La charité est un mystère
Jean RODHAIN, « La charité est un mystère », texte destiné aux délégations du Secours catholique, 21 octobre 1959[1]
La charité est un mystère
Prenez la définition la plus rigoureuse de la Charité, cherchez-en la mesure la plus exacte. Pesez les mots avec la plus juste des balances. Choisissez vos termes avec la minutie d'une équation algébrique. Analysez, mesurez, vérifiez. Et finalement, vous vous retrouverez par terre tout empêtré parmi vos instruments de mesure, tout aussi déconcerté que ces scientifiques cherchant avec un microscope à définir le sourire d'un enfant.

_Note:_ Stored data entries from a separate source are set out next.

(* Let $X=\{x_1,\dots,x_n\}$ be a finite $T_0$-space admitting a free action of a finite group $G$ by homeomorphisms. Then $\sum_{i=1}^{n}|U_{x_i}|$ and $\sum_{i=1}^{n}|F_{x_i}|$ are multiples of $|G|$.
   Context: For $x\in X$, $U_x$ is the intersection of all open sets containing $x$ and $F_x$ is the intersection of all closed sets containing $x$; equivalently, in the associated poset ($x\le y$ iff $U_x\subseteq U_y$), $U_x=\{y:y\le x\}$ and $F_x=\{y:y\ge x\}$. *)

theory Defs
  imports "HOL-Analysis.Analysis" "HOL-Algebra.Group_Action"
begin

text \<open>U_x: intersection of all open sets containing x; F_x: intersection of all closed sets containing x.\<close>
definition minimal_open :: "'a topology \<Rightarrow> 'a \<Rightarrow> 'a set" where
  "minimal_open X x = \<Inter>{U. openin X U \<and> x \<in> U}"

definition minimal_closed :: "'a topology \<Rightarrow> 'a \<Rightarrow> 'a set" where
  "minimal_closed X x = \<Inter>{C. closedin X C \<and> x \<in> C}"

end

theory Submission
  imports Defs
begin

text \<open>A free action of \<open>G\<close> splits \<open>X\<close> into orbits of exactly \<open>|G|\<close> points. Homeomorphisms
  carry the minimal open (closed) set of a point onto that of its image, so \<open>|U\<^sub>x|\<close> and
  \<open>|F\<^sub>x|\<close> are constant along orbits, and each sum is a sum of orbit sums of the form
  \<open>|G| \<cdot> c\<close>.\<close>

lemma image_Inter_containing_sets:
  assumes inj: "inj_on f S" and surj: "f ` S = T"
    and P_sub: "\<And>U. P U \<Longrightarrow> U \<subseteq> S" and Q_sub: "\<And>V. Q V \<Longrightarrow> V \<subseteq> T"
    and Q_image: "\<And>U. U \<subseteq> S \<Longrightarrow> Q (f ` U) \<longleftrightarrow> P U"
    and "P S" and x: "x \<in> S"
  shows "f ` \<Inter>{U. P U \<and> x \<in> U} = \<Inter>{V. Q V \<and> f x \<in> V}"
proof -
  have family: "{V. Q V \<and> f x \<in> V} = (`) f ` {U. P U \<and> x \<in> U}"
  proof
    show "{V. Q V \<and> f x \<in> V} \<subseteq> (`) f ` {U. P U \<and> x \<in> U}"
    proof
      fix V assume V: "V \<in> {V. Q V \<and> f x \<in> V}"
      define U where "U = S \<inter> f -` V"
      have "V = f ` U" using V Q_sub surj unfolding U_def by blast
      moreover have "P U" "x \<in> U"
        using V Q_image[of U] x \<open>V = f ` U\<close> unfolding U_def by auto
      ultimately show "V \<in> (`) f ` {U. P U \<and> x \<in> U}" by blast
    qed
    show "(`) f ` {U. P U \<and> x \<in> U} \<subseteq> {V. Q V \<and> f x \<in> V}"
      using Q_image P_sub by auto
  qed
  have "f ` \<Inter>{U. P U \<and> x \<in> U} = (\<Inter>U\<in>{U. P U \<and> x \<in> U}. f ` U)"
    using image_INT[OF inj, of "{U. P U \<and> x \<in> U}" id] P_sub \<open>P S\<close> x by auto
  then show ?thesis using family by simp
qed

lemma homeomorphic_map_minimal_open:
  assumes f: "homeomorphic_map X Y f" and x: "x \<in> topspace X"
  shows "f ` minimal_open X x = minimal_open Y (f x)"
  unfolding minimal_open_def
  by (rule image_Inter_containing_sets[where P="openin X" and Q="openin Y",
        OF homeomorphic_imp_injective_map[OF f]
        homeomorphic_imp_surjective_map[OF f] openin_subset[of X] openin_subset[of Y]
        homeomorphic_map_openness[OF f] openin_topspace[of X] x])

lemma homeomorphic_map_minimal_closed:
  assumes f: "homeomorphic_map X Y f" and x: "x \<in> topspace X"
  shows "f ` minimal_closed X x = minimal_closed Y (f x)"
  unfolding minimal_closed_def
  by (rule image_Inter_containing_sets[where P="closedin X" and Q="closedin Y",
        OF homeomorphic_imp_injective_map[OF f]
        homeomorphic_imp_surjective_map[OF f] closedin_subset[of X] closedin_subset[of Y]
        homeomorphic_map_closedness[OF f] closedin_topspace[of X] x])

lemma card_minimal_open_homeomorphic_map:
  assumes f: "homeomorphic_map X Y f" and x: "x \<in> topspace X"
  shows "card (minimal_open Y (f x)) = card (minimal_open X x)"
proof -
  have "minimal_open X x \<subseteq> topspace X" using x unfolding minimal_open_def by auto
  then have "inj_on f (minimal_open X x)"
    using homeomorphic_imp_injective_map[OF f] inj_on_subset by blast
  then show ?thesis using homeomorphic_map_minimal_open[OF f x] card_image by metis
qed

lemma card_minimal_closed_homeomorphic_map:
  assumes f: "homeomorphic_map X Y f" and x: "x \<in> topspace X"
  shows "card (minimal_closed Y (f x)) = card (minimal_closed X x)"
proof -
  have "minimal_closed X x \<subseteq> topspace X" using x unfolding minimal_closed_def by auto
  then have "inj_on f (minimal_closed X x)"
    using homeomorphic_imp_injective_map[OF f] inj_on_subset by blast
  then show ?thesis using homeomorphic_map_minimal_closed[OF f x] card_image by metis
qed

lemma (in group_action) card_orbit_free:
  assumes free: "\<And>g. g \<in> carrier G \<Longrightarrow> \<phi> g x = x \<Longrightarrow> g = \<one>\<^bsub>G\<^esub>"
    and x: "x \<in> E" and fin: "finite (carrier G)"
  shows "card (orbit G \<phi> x) = order G"
proof -
  have "stabilizer G \<phi> x = {\<one>\<^bsub>G\<^esub>}"
    using free stabilizer_one_closed[OF x] unfolding stabilizer_def by auto
  then show ?thesis using orbit_stabilizer_theorem[OF x] fin by simp
qed

lemma (in group_action) order_dvd_sum_invariant_free:
  assumes free: "\<And>g x. g \<in> carrier G \<Longrightarrow> x \<in> E \<Longrightarrow> \<phi> g x = x \<Longrightarrow> g = \<one>\<^bsub>G\<^esub>"
    and invariant: "\<And>g x. g \<in> carrier G \<Longrightarrow> x \<in> E \<Longrightarrow> f (\<phi> g x) = f x"
    and "finite E" and fin: "finite (carrier G)"
  shows "order G dvd (\<Sum>x\<in>E. f x :: nat)"
proof -
  have "order G dvd (\<Sum>y\<in>orb. f y)" if orb: "orb \<in> orbits G E \<phi>" for orb
  proof -
    obtain x where x: "x \<in> E" and orb: "orb = orbit G \<phi> x"
      using orb unfolding orbits_def by auto
    have "\<And>y. y \<in> orb \<Longrightarrow> f y = f x" using x invariant unfolding orb orbit_def by auto
    then have "(\<Sum>y\<in>orb. f y) = card orb * f x" by simp
    then show ?thesis using card_orbit_free[OF free x fin] x orb by simp
  qed
  then have "order G dvd (\<Sum>orb\<in>orbits G E \<phi>. \<Sum>y\<in>orb. f y)" by (rule dvd_sum)
  then show ?thesis by (simp add: disjoint_sum[OF \<open>finite E\<close>])
qed

theorem mainTheorem19:
  fixes X :: "'a topology" and G :: "('g, 'm) monoid_scheme" and \<phi> :: "'g \<Rightarrow> 'a \<Rightarrow> 'a"
  assumes "finite (topspace X)"
    and "t0_space X"
    and "group G" and "finite (carrier G)"
    and "group_action G (topspace X) \<phi>"
    and "\<And>g. g \<in> carrier G \<Longrightarrow> homeomorphic_map X X (\<phi> g)"
    and "\<And>g x. g \<in> carrier G \<Longrightarrow> x \<in> topspace X \<Longrightarrow> \<phi> g x = x \<Longrightarrow> g = \<one>\<^bsub>G\<^esub>"
  shows "order G dvd (\<Sum>x\<in>topspace X. card (minimal_open X x)) \<and>
         order G dvd (\<Sum>x\<in>topspace X. card (minimal_closed X x))"
proof -
  interpret group_action G "topspace X" \<phi> by (fact assms(5))
  have "order G dvd (\<Sum>x\<in>topspace X. card (minimal_open X x))"
    using assms(7) card_minimal_open_homeomorphic_map[OF assms(6)] assms(1,4)
    by (rule order_dvd_sum_invariant_free)
  moreover have "order G dvd (\<Sum>x\<in>topspace X. card (minimal_closed X x))"
    using assms(7) card_minimal_closed_homeomorphic_map[OF assms(6)] assms(1,4)
    by (rule order_dvd_sum_invariant_free)
  ultimately show ?thesis ..
qed

end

Je peux démonter le moteur de ma voiture, le décomposer en éléments distincts et définis, et ensuite en présenter la liste complète avec un schéma pour le remontage et le fonctionnement.
Le chimiste fera de même pour analyser un échantillon de liqueur et l'exégète décomposera pareillement un texte avec ses interpolations.
Je peux aussi étudier la justice en général et même la justice sociale : avec le concours d'un philosophe et d'un théologien j'en présenterai une description détaillée accompagnée d'un véritable graphique de fonctionnement.
Mais, dès que je touche à la Charité, toute mesure craque et tout gabarit se comporte comme la boussole déréglée devant une montagne d'acier. Rien d'humain ne vaut plus. La Charité rejoint la Trinité. C'est une prise sur le divin. C'est une participation à la vie même du Seigneur. Il n'est pas possible d'y toucher sans frôler la Grâce. Tout est aussitôt jaillissant et rayonnant. C'est mieux qu'une réaction en chaîne, car c'est une réaction qui ne s'arrête plus. La Foi se terminera. L'Espérance aura une fin. Mais la Charité demeurera éternellement. Dans mille ans nous ne pratiquerons plus au Ciel ni la Prudence ni la Justice. Mais la Charité dont alors nous aimerons les élus, est du même ordre que celle qui balbutie dans une visite de prison ou à travers une Campagne pour la Faim dans le Monde.
Toutes les explications s'évaporent ici comme un verre d'eau versé sur le soleil.
La Charité est véritablement un mystère.
Deo gratias.
[1] Publié dans : SOS, Ce serviteur des pauvres, Jean Rodhain, Paris, 1977, p. 35-36 ; et dans : Jean RODHAIN, Toi aussi, fais de même, Paris, Éditions SOS, 1980, p. 179-180.